Бубнили они, бубнили, а тут и заря занялась!.. А когда занялась, то царский слуга, считая, что от гостей начисто избавился, явился золу во двор выметать. И что же он видит? Медный дом, с вечера как жар раскаленный, ледяной глыбой стоит; не отличишь подо льдом, где тут двери, где решетки, где ставни на окнах — ничего! А из дому — шум столбом валит. Это гости по дверям что есть мочи колотят, как шальные орут:

— Что за царь, нас без капли огня оставил! Этак и вовсе замёрзнуть можно. В самых убогих лачугах так на дрова не скупятся. Вот беда, так беда! Да у нас язык к нёбу пристыл, мозг в костях перемерз!..

Царский слуга, услыхав такое, перепугался не на шутку, но и злость его тоже взяла. Силится дверь открыть на ходу. С петель сорвать — и того меньше. Что тут делать? Бежит к царю, обо всем докладывает. Тут и царь прибегает, и пропасть народу, с кирками острыми, с котлами кипятку. Одни лед кирками ломают, другие льют кипяток на дверные петли и в замочную скважину. Изрядно намаявшись, с большим трудом открывают двери, гостей выпускают из дому, а гости-то, гости! Головы у них, и бороды, и усы в инее, не поймешь, люди это, или черти, или призраки какие… Дрожмя дрожат — зубы так и лязгают. А Жерилу словно все черти ада трясут; такое губами выделывал, что сам Рыжий царь ужаснулся при виде его красы.

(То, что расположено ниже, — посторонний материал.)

(* Let $1<p<\infty$ and let $a=\{a_k\}_{k\in\mathbb Z}$ be any sequence of complex numbers. Then $$A_p(a):=\Big(\sum_{k=0}^\infty\Big(2^{k/p'}\sup_{r\in\mathbb N_0}\min(1,2^{r-k})\,\widehat a_{2^r}\Big)^p\Big)^{1/p}\lesssim\Big(\sum_{k\in\mathbb Z}(|k|+1)^{p-2}|a_k|^p\Big)^{1/p},$$ with a constant depending only on $p$.
   Context: $p'=p/(p-1)$. For $r\ge0$, $\widehat a_{2^r}=\sup_{2^r\le|m|<2^{r+1}}\frac1{|m|+1}\big|\sum_{j=0}^m a_j\big|$, where for $m<0$ the sum $\sum_{j=0}^ma_j$ means $\sum_{j=m}^0a_j$. *)

theory Defs
  imports "HOL-Analysis.Analysis"
begin

definition psum :: "(int \<Rightarrow> complex) \<Rightarrow> int \<Rightarrow> complex" where
  "psum a m = (if m \<ge> 0 then (\<Sum>j\<in>{0..m}. a j) else (\<Sum>j\<in>{m..0}. a j))"

text \<open>ahat a r stands for the quantity hat-a indexed by 2^r.\<close>
definition ahat :: "(int \<Rightarrow> complex) \<Rightarrow> nat \<Rightarrow> real" where
  "ahat a r = (SUP m\<in>{m::int. 2 ^ r \<le> \<bar>m\<bar> \<and> \<bar>m\<bar> < 2 ^ (r + 1)}.
                  cmod (psum a m) / (real_of_int \<bar>m\<bar> + 1))"

definition inner_sup :: "(int \<Rightarrow> complex) \<Rightarrow> nat \<Rightarrow> real" where
  "inner_sup a k = (SUP r::nat. min 1 (2 powr (real r - real k)) * ahat a r)"

end

theory Submission
  imports Defs
begin

text \<open>Hoelder's inequality with the telescoping weights \<open>(\<bar>j\<bar> + 1) powr s - \<bar>j\<bar> powr s\<close>
  bounds \<open>\<bar>psum a m\<bar> powr p\<close> by \<open>s powr (1 - p) * (\<bar>m\<bar> + 1) powr t\<close> times
  \<open>\<Sum>\<bar>j\<bar>\<le>\<bar>m\<bar>. w j * (\<bar>j\<bar> + 1) powr (1 - t)\<close>, where \<open>w j = (\<bar>j\<bar> + 1) powr (p - 2) * \<bar>a j\<bar> powr p\<close>
  and \<open>t = s * (p - 1) < 1\<close>. For \<open>m\<close> in the \<open>r\<close>-th dyadic block the extra factor
  \<open>min 1 (2 powr (r - k)) powr p * (\<bar>m\<bar> + 1) powr (- p)\<close> is at most \<open>max (2 ^ k) n powr (t - p)\<close>
  with \<open>n = \<bar>j\<bar> + 1\<close>, so the \<open>k\<close>-th term of the left-hand side is controlled by
  \<open>2 powr (k * (p - 1)) * \<Sum>j. w j * n powr (1 - t) * max (2 ^ k) n powr (t - p)\<close>.
  Summing over \<open>k\<close> first, the two geometric series split at \<open>2 ^ k \<approx> n\<close> add up to a multiple
  of \<open>n powr (t - 1)\<close>, which cancels \<open>n powr (1 - t)\<close> and leaves a multiple of \<open>\<Sum>j. w j\<close>.\<close>

lemma sum_powr_le_weighted_pos:
  fixes x \<rho> :: "'a \<Rightarrow> real"
  assumes "finite J" "J \<noteq> {}" "1 \<le> p"
    and pos: "\<And>j. j \<in> J \<Longrightarrow> 0 < x j" "\<And>j. j \<in> J \<Longrightarrow> 0 < \<rho> j"
  shows "(\<Sum>j\<in>J. x j) powr p \<le> (\<Sum>j\<in>J. \<rho> j) powr (p - 1) * (\<Sum>j\<in>J. x j powr p * \<rho> j powr (1 - p))"
proof -
  define R where "R = (\<Sum>j\<in>J. \<rho> j)"
  have R: "0 < R"
    unfolding R_def using assms by (simp add: sum_pos)
  have term_eq: "\<rho> j / R * (x j / \<rho> j) powr p = x j powr p * \<rho> j powr (1 - p) / R" if "j \<in> J" for j
    using pos[OF that] by (simp add: powr_divide powr_diff ac_simps)
  \<comment> \<open>Jensen for the convex map \<open>u \<mapsto> u powr p\<close>, with weights \<open>\<rho> j / R\<close> at the points \<open>x j / \<rho> j\<close>.\<close>
  have "(\<Sum>j\<in>J. (\<rho> j / R) *\<^sub>R (x j / \<rho> j)) powr p \<le> (\<Sum>j\<in>J. \<rho> j / R * (x j / \<rho> j) powr p)"
    using convex_on_sum[OF assms(1,2) powr_convex[OF assms(3)], of "\<lambda>j. \<rho> j / R" "\<lambda>j. x j / \<rho> j"]
      pos R by (auto simp: R_def sum_divide_distrib[symmetric] less_imp_le)
  also have "(\<Sum>j\<in>J. (\<rho> j / R) *\<^sub>R (x j / \<rho> j)) = (\<Sum>j\<in>J. x j) / R"
    unfolding sum_divide_distrib by (intro sum.cong) (auto dest: pos(2))
  also have "(\<Sum>j\<in>J. \<rho> j / R * (x j / \<rho> j) powr p) = (\<Sum>j\<in>J. x j powr p * \<rho> j powr (1 - p)) / R"
    unfolding sum_divide_distrib by (intro sum.cong refl term_eq)
  finally have "(\<Sum>j\<in>J. x j) powr p / R powr p \<le> (\<Sum>j\<in>J. x j powr p * \<rho> j powr (1 - p)) / R"
    using R pos by (simp add: powr_divide sum_nonneg less_imp_le)
  then have "(\<Sum>j\<in>J. x j) powr p \<le> (\<Sum>j\<in>J. x j powr p * \<rho> j powr (1 - p)) / R * R powr p"
    using R by (simp add: divide_le_eq)
  also have "\<dots> = R powr (p - 1) * (\<Sum>j\<in>J. x j powr p * \<rho> j powr (1 - p))"
    using R by (simp add: powr_diff)
  finally show ?thesis
    unfolding R_def .
qed

lemma sum_powr_le_weighted:
  fixes x \<rho> :: "'a \<Rightarrow> real"
  assumes "finite J" "1 \<le> p"
    and x: "\<And>j. j \<in> J \<Longrightarrow> 0 \<le> x j" and \<rho>: "\<And>j. j \<in> J \<Longrightarrow> 0 < \<rho> j"
  shows "(\<Sum>j\<in>J. x j) powr p \<le> (\<Sum>j\<in>J. \<rho> j) powr (p - 1) * (\<Sum>j\<in>J. x j powr p * \<rho> j powr (1 - p))"
proof -
  define J' where "J' = {j\<in>J. 0 < x j}"
  have J': "finite J'" "J' \<subseteq> J"
    using assms(1) unfolding J'_def by auto
  have sum_J': "(\<Sum>j\<in>J. x j) = (\<Sum>j\<in>J'. x j)"
    using assms(1) x unfolding J'_def by (intro sum.mono_neutral_right) force+
  have rhs_mono: "(\<Sum>j\<in>J'. \<rho> j) powr (p - 1) * (\<Sum>j\<in>J'. x j powr p * \<rho> j powr (1 - p))
      \<le> (\<Sum>j\<in>J. \<rho> j) powr (p - 1) * (\<Sum>j\<in>J. x j powr p * \<rho> j powr (1 - p))"
  proof (rule mult_mono)
    show "(\<Sum>j\<in>J'. \<rho> j) powr (p - 1) \<le> (\<Sum>j\<in>J. \<rho> j) powr (p - 1)"
      using J' assms \<rho> by (intro powr_mono2 sum_nonneg sum_mono2) (auto intro: less_imp_le)
    show "(\<Sum>j\<in>J'. x j powr p * \<rho> j powr (1 - p)) \<le> (\<Sum>j\<in>J. x j powr p * \<rho> j powr (1 - p))"
      using J' assms by (intro sum_mono2) auto
  qed (auto intro!: sum_nonneg)
  show ?thesis
  proof (cases "J' = {}")
    case True
    then show ?thesis
      using sum_J' rhs_mono by (simp add: J'(1))
  next
    case False
    have "(\<Sum>j\<in>J'. x j) powr p \<le> (\<Sum>j\<in>J'. \<rho> j) powr (p - 1) * (\<Sum>j\<in>J'. x j powr p * \<rho> j powr (1 - p))"
      using J' False assms by (intro sum_powr_le_weighted_pos) (auto simp: J'_def)
    then show ?thesis
      using sum_J' rhs_mono by simp
  qed
qed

Выступил Белый Арап вперед, поклонился царю и сказал:

— Ваше величество! Его светлость, племянник могущественного Зелен-царя, верно, ждет меня, не дождется. Теперь-то уж, думаю, отдадите мне вашу дочь, а мы вас в покое оставим и уйдем восвояси.

— Что ж, удалец, — хмуро ответил царь, — придет и такое время. А пока подкрепиться вам надо, чтоб никто не сказал потом, что ушли вы из дворца моего, как из голодного дома.

— Золотые слова, ваше величество, — сказал Флэмынзила, — давно уже у нас с голодухи кишки марш играют.

— Может, и выпивка будет, ваше величество? — спросил Сетила, — а то ведь глотки у нас пересохли от жажды.

вернуться

21

Войско папуково — сброд, голытьба.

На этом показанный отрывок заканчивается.